I did my 20K oil change last week and reset the oil service reminder, but my dashboard screen keeps showing an "Inspection due!" notice when I start the car. The Service screen shows "Inspection overdue since 300 mi" and "Oil change service in 9800 mi". Does anybody know how to clear this inspection notice?


----------



## GTINC (Jan 28, 2005)

The instructions are in the OM. They are two separate notices. You can even do a google search......


----------



## Chris4789 (Nov 29, 2017)

*Reset service Reminder*

Here is what I found posted on Youtube (link below) that worked for me. If you watch the 35? second video my notes will probably make more sense. 
With Ignition*off; Hold trip reset button; turn on Ignition (foot OFF brake);* "Reset Oil?" flashes on screen; Let go of trip button; press again;* "The service Interval was reset" should appear;* 
To Check the setting on Infotainment Center;* Car; Settings;* scroll down to service;*look at “mileage to next service”; I turned the car on and off again for it to read correctly. 
*https://www.youtube.com/watch?v=GMcKtkv8XEw

I have an SEL - P so I don't know if it is a different procedure for other trims.


----------



## GTINC (Jan 28, 2005)

Chris4789 said:


> Here is what I found posted on Youtube (link below) that worked for me.

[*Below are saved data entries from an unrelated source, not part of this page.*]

lemma digit_bounds:
  assumes "t \<in> {0..1}"
  shows "digit t \<le> 2" "real (digit t) \<le> 3 * t" "3 * t \<le> real (digit t) + 1"
proof -
  have floor: "0 \<le> \<lfloor>3 * t\<rfloor>" "of_int \<lfloor>3 * t\<rfloor> \<le> 3 * t" "3 * t < of_int \<lfloor>3 * t\<rfloor> + 1"
    using assms by auto
  show "digit t \<le> 2"
    unfolding digit_def by simp
  have "real (digit t) \<le> 3 * t \<and> 3 * t \<le> real (digit t) + 1"
  proof (cases "2 \<le> 3 * t")
    case True
    then have "digit t = 2"
      unfolding digit_def by (simp add: le_floor_iff le_nat_iff)
    then show ?thesis
      using True assms by auto
  next
    case False
    then have "\<lfloor>3 * t\<rfloor> \<le> 1"
      by (simp add: floor_le_iff)
    then have "digit t = nat \<lfloor>3 * t\<rfloor>"
      unfolding digit_def by (intro min_absorb2) arith
    then have "real (digit t) = of_int \<lfloor>3 * t\<rfloor>"
      using floor(1) by simp
    then show ?thesis
      using floor by auto
  qed
  then show "real (digit t) \<le> 3 * t" "3 * t \<le> real (digit t) + 1"
    by auto
qed

lemma M0_subset_unit_square: "M0 \<subseteq> unit_square"
  unfolding M0_def by auto

lemma M0_in_digit_cell:
  assumes "p \<in> M0"
  shows "(digit (fst p), digit (snd p)) \<in> Mset" "p \<in> cell (digit (fst p), digit (snd p))"
proof -
  have unit: "fst p \<in> {0..1}" "snd p \<in> {0..1}"
    using assms M0_subset_unit_square by (auto simp: mem_Times_iff)
  have "digit 0 = 0" "digit 1 = 2"
    unfolding digit_def by simp_all
  moreover have "fst p \<in> {0, 1} \<or> snd p \<in> {0, 1}"
    using assms unfolding M0_def by auto
  ultimately have "(digit (fst p), digit (snd p)) \<noteq> (1, 1)"
    by auto
  moreover have "digit t \<in> {0, 1, 2}" if "t \<in> {0..1}" for t
    using digit_bounds(1)[OF that] by (auto simp: le_Suc_eq numeral_2_eq_2)
  then have "(digit (fst p), digit (snd p)) \<in> Nset"
    using unit unfolding Nset_def by blast
  ultimately show "(digit (fst p), digit (snd p)) \<in> Mset"
    unfolding Mset_def by blast
  show "p \<in> cell (digit (fst p), digit (snd p))"
    using digit_bounds[OF unit(1)] digit_bounds[OF unit(2)] unfolding cell_def
    by (simp add: case_prod_beta)
qed

lemma M0_rescale:
  assumes p: "p \<in> M0" and m: "m \<in> Mset" "p \<in> cell m"
  defines "q \<equiv> (3 * fst p - real (fst m), 3 * snd p - real (snd m))"
  shows "q \<in> M0" "carpet_map m q = p"
proof -
  have x: "real (fst m) \<le> 3 * fst p" "3 * fst p \<le> real (fst m) + 1" "real (fst m) \<le> 2"
    and y: "real (snd m) \<le> 3 * snd p" "3 * snd p \<le> real (snd m) + 1" "real (snd m) \<le> 2"
    using m Mset_le_2[OF m(1)] unfolding cell_def by (auto simp: case_prod_beta)
  have "fst p \<in> {0, 1} \<Longrightarrow> fst q \<in> {0, 1}" "snd p \<in> {0, 1} \<Longrightarrow> snd q \<in> {0, 1}"
    using x y unfolding q_def by auto
  moreover have "fst p \<in> {0, 1} \<or> snd p \<in> {0, 1}"
    using p unfolding M0_def by auto
  moreover have "fst q \<in> {0..1}" "snd q \<in> {0..1}"
    using x y unfolding q_def by auto
  ultimately show "q \<in> M0"
    unfolding M0_def by (auto simp: case_prod_beta)
  show "carpet_map m q = p"
    unfolding q_def carpet_map_def by simp
qed

section \<open>Square metric spaces and M \<otimes> -\<close>

lemma square_msD:
  assumes "square_ms X d S"
  shows "Metric_space X d" "p \<in> M0 \<Longrightarrow> S p \<in> X"
    "p \<in> M0 \<Longrightarrow> q \<in> M0 \<Longrightarrow> taxicab p q \<le> d (S p) (S q)"
  using assms unfolding square_ms_def taxicab_def by blast+
text \<open>Above any used grid point \<open>x\<close> below \<open>v\<close> there is a used grid point \<open>c \<le> v\<close> so close that
  the \<open>c - x\<close> harmonic weights in between, each at least \<open>1/(r+c)\<close>, already make up the bound.\<close>

lemma qpos_dyadic_prefix_gap:
  fixes l K u v :: nat
  defines "r \<equiv> 2^l - 1"
  assumes "0 < l" "K \<le> r"
    and "u \<in> set (take K (dyadic_order l l)) \<union> {0, 2^l}"
    and "v \<in> set (take K (dyadic_order l l)) \<union> {0, 2^l}"
    and "u < v"
  shows "1 / (2 * sigma_r r * real (K+1)) \<le> qpos r v - qpos r u"
proof -
  have "(1::nat) \<le> 2^l" by simp
  then have "K < 2^l" using \<open>K \<le> r\<close> unfolding r_def by linarith
  then obtain a where a: "a < l" "2^a \<le> K+1" "K+1 \<le> 2^(a+1)"
    using exists_dyadic_bracket[OF \<open>0 < l\<close>] by blast
  define s where "s = K + 1 - 2^a"
  define A where "A = (2::nat)^a"
  define M where "M = (2::nat)^(l-a-1)"
  have sA: "s \<le> A" and K: "K = 2^a - 1 + s" using a by (simp_all add: s_def A_def)
  have "l = (a+1) + (l-a-1)" using a by simp
  then have "(2::nat)^l = 2^(a+1) * 2^(l-a-1)" by (metis power_add)
  then have r: "r + 1 = 2*A*M" unfolding r_def A_def M_def by simp
  have M: "M > 0" by (simp add: M_def)
  let ?G = "{m. m \<le> 2*A \<and> (even m \<or> m < 2*s)}"
  have "set (take K (dyadic_order l l)) \<union> {0, 2^l} = (\<lambda>m. m*M) ` ?G"
    using dyadic_prefix_with_ends[OF a(1), of s] sA unfolding K A_def M_def by simp
  then have "u \<in> (\<lambda>m. m*M) ` ?G" "v \<in> (\<lambda>m. m*M) ` ?G" using assms(4,5) by blast+
  then obtain x y where xy: "x \<le> 2*A" "even x \<or> x < 2*s" "y \<le> 2*A" "even y \<or> y < 2*s"
      "u = x*M" "v = y*M"
    by auto
  have "x < y" using xy \<open>u < v\<close> M by auto
  obtain c where c: "x < c" "c \<le> y" "2*A + c \<le> 2*(A+s)*(c-x)"
    using grid_step_exists[OF sA xy(1-4) \<open>x < y\<close>] by blast
  have "(2*A + c)*M \<le> 2*(A+s)*(c-x)*M" using c by simp
  then have "r + c*M \<le> 2*(K+1)*(c*M - x*M)"
    using r a by (simp add: K A_def algebra_simps diff_mult_distrib)
  then have "real (r + c*M) \<le> 2 * real (K+1) * real (c*M - x*M)"
    by (metis of_nat_mono of_nat_mult of_nat_numeral)
  moreover have "0 < real (r + c*M)" using c M by (simp del: of_nat_add)
  ultimately have "1 / (2 * sigma_r r * real (K+1)) \<le> real (c*M - x*M) / (real (r + c*M) * sigma_r r)"
    using sigma_r_pos[of r] by (simp add: divide_simps mult_right_mono mult.commute mult.left_commute)
  also have "\<dots> \<le> qpos r (c*M) - qpos r (x*M)"
    using c M by (intro qpos_diff_ge) simp
  also have "\<dots> \<le> qpos r v - qpos r u"
    using c M strict_mono_qpos[of r] by (simp add: xy strict_mono_less_eq)
  finally show ?thesis .
qed

text \<open>Since no \<open>K\<close> points of \<open>[0,1]\<close> can keep distance more than \<open>1/(K+1)\<close> from each other and
  from the boundary, an ordering with this property makes the online algorithm \<open>c\<close>-competitive.\<close>

definition prefix_separated :: "real \<Rightarrow> real list \<Rightarrow> bool" where
  "prefix_separated c tau \<longleftrightarrow> (\<forall>K \<le> length tau. \<forall>p \<in> set (take K tau).
      1 / (c * real (K+1)) \<le> dist_bd p
    \<and> (\<forall>q \<in> set (take K tau). p \<noteq> q \<longrightarrow> 1 / (c * real (K+1)) \<le> dist p q))"

lemma prefix_separated_bisection:
  fixes l :: nat
  defines "r \<equiv> 2^l - 1"
  assumes "0 < l"
  shows "prefix_separated (2 * sigma_r r) (map (qpos r) (dyadic_order l l))"
  unfolding prefix_separated_def
proof (intro allI impI ballI conjI)
  fix K p assume K: "K \<le> length (map (qpos r) (dyadic_order l l))"
    and p: "p \<in> set (take K (map (qpos r) (dyadic_order l l)))"
  let ?d = "1 / (2 * sigma_r r * real (K+1))"
  have Kr: "K \<le> r" using K by (simp add: length_dyadic_order r_def)
  note gap = qpos_dyadic_prefix_gap[OF \<open>0 < l\<close> Kr[unfolded r_def], folded r_def]
  obtain u where u: "u \<in> set (take K (dyadic_order l l))" "p = qpos r u"
    using p by (auto simp: take_map)
  have "0 < u" "u < 2^l"
    using in_set_takeD[OF u(1)] unfolding set_dyadic_order_full by auto
  then have "?d \<le> qpos r u - qpos r 0" "?d \<le> qpos r (2^l) - qpos r u"
    using gap[of 0 u] gap[of u "2^l"] u(1) by simp_all
  moreover have "qpos r (2^l) = 1" using qpos_top[of r] by (simp add: r_def)
  ultimately show "?d \<le> dist_bd p" unfolding dist_bd_def dist_real_def u(2) by (simp add: abs_if)
  fix q assume q: "q \<in> set (take K (map (qpos r) (dyadic_order l l)))" and "p \<noteq> q"
  then obtain v where v: "v \<in> set (take K (dyadic_order l l))" "q = qpos r v"
    by (auto simp: take_map)
  then have "u \<noteq> v" using u \<open>p \<noteq> q\<close> by blast
  then consider "u < v" | "v < u" by linarith
  then show "?d \<le> dist p q"
  proof cases
    case 1 then show ?thesis using gap[of u v] u v by (simp add: dist_real_def abs_if)
  next
    case 2 then show ?thesis using gap[of v u] u v by (simp add: dist_real_def abs_if)
  qed
qed

section \<open>Instances and the offline optimum\<close>

definition num_present :: "(real \<times> real) list \<Rightarrow> real \<Rightarrow> nat" where
  "num_present S t = card {i. i < length S \<and> present S i t}"

definition active_times :: "(real \<times> real) list \<Rightarrow> real set" where
  "active_times S = {t. t \<le> horizon S \<and> (\<exists>i<length S. present S i t)}"

lemma snd_le_horizon: "i < length S \<Longrightarrow> snd (S!i) \<le> horizon S"
  unfolding horizon_def by (intro Max_ge) auto

lemma arrival_le_horizon:
  "valid_instance S \<Longrightarrow> i < length S \<Longrightarrow> fst (S!i) \<le> horizon S"
  using snd_le_horizon[of i S] unfolding valid_instance_def by force

lemma present_at_arrival: "valid_instance S \<Longrightarrow> i < length S \<Longrightarrow> present S i (fst (S!i))"
  unfolding valid_instance_def present_def by force

lemma arrival_mono:
  "valid_instance S \<Longrightarrow> i \<le> j \<Longrightarrow> j < length S \<Longrightarrow> fst (S!i) \<le> fst (S!j)"
  unfolding valid_instance_def using sorted_nth_mono[of "map fst S" i j] by auto

lemma horizon_nonneg: "valid_instance S \<Longrightarrow> 0 \<le> horizon S"
  using arrival_le_horizon[of S 0] unfolding valid_instance_def by simp

lemma active_times_nonempty: "valid_instance S \<Longrightarrow> active_times S \<noteq> {}"
  using horizon_nonneg[of S] present_at_arrival[of S 0] unfolding active_times_def valid_instance_def
  by auto

lemma num_present_le_max_simul: "t \<le> horizon S \<Longrightarrow> num_present S t \<le> max_simul S"
proof -
  assume t: "t \<le> horizon S"
  have "card {i. i < length S \<and> present S i t'} \<le> length S" for t'
    using card_mono[of "{..<length S}" "{i. i < length S \<and> present S i t'}"] by auto
  then have "(\<lambda>t. card {i. i < length S \<and> present S i t}) ` {t. t \<le> horizon S} \<subseteq> {..length S}"
    by auto
  then have "finite ((\<lambda>t. card {i. i < length S \<and> present S i t}) ` {t. t \<le> horizon S})"
    by (rule finite_subset) simp
  then show ?thesis unfolding num_present_def max_simul_def using t by (intro Max_ge) auto
qed

lemma finite_d_min_candidates:
  "finite ({dist_bd (X i) | i. i < length S \<and> present S i t}
      \<union> {dist (X i) (X j) | i j. i < length S \<and> j < length S \<and> i \<noteq> j
                              \<and> present S i t \<and> present S j t})"
proof -
  have "{dist_bd (X i) | i. i < length S \<and> present S i t} \<subseteq> (\<lambda>i. dist_bd (X i)) ` {..<length S}"
    by auto
  moreover have "{dist (X i) (X j) | i j. i < length S \<and> j < length S \<and> i \<noteq> j
                              \<and> present S i t \<and> present S j t}
     \<subseteq> (\<lambda>(i,j). dist (X i) (X j)) ` ({..<length S} \<times> {..<length S})"
    by auto
  ultimately show ?thesis by (meson finite_SigmaI finite_UnI finite_imageI finite_lessThan finite_subset)
qed

lemma d_min_le_dist_bd: "i < length S \<Longrightarrow> present S i t \<Longrightarrow> d_min S X t \<le> dist_bd (X i)"
  unfolding d_min_def by (rule Min_le[OF finite_d_min_candidates]) auto

lemma d_min_le_dist:
  "\<lbrakk>i < length S; j < length S; i \<noteq> j; present S i t; present S j t\<rbrakk>
   \<Longrightarrow> d_min S X t \<le> dist (X i) (X j)"
  unfolding d_min_def
  by (rule Min_le[OF finite_d_min_candidates], rule UnI2, intro CollectI exI[of _ i] exI[of _ j]) simp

If you watch the 35? second video my notes will probably make more sense.
> With Ignition*off; Hold trip reset button; turn on Ignition (foot OFF brake);* "Reset Oil?" flashes on screen; Let go of trip button; press again;* "The service Interval was reset" should appear;*
> To Check the setting on Infotainment Center;* Car; Settings;* scroll down to service;*look at “mileage to next service”; I turned the car on and off again for it to read correctly.
> *https://www.youtube.com/watch?v=GMcKtkv8XEw
> ...


Or read the OM......


----------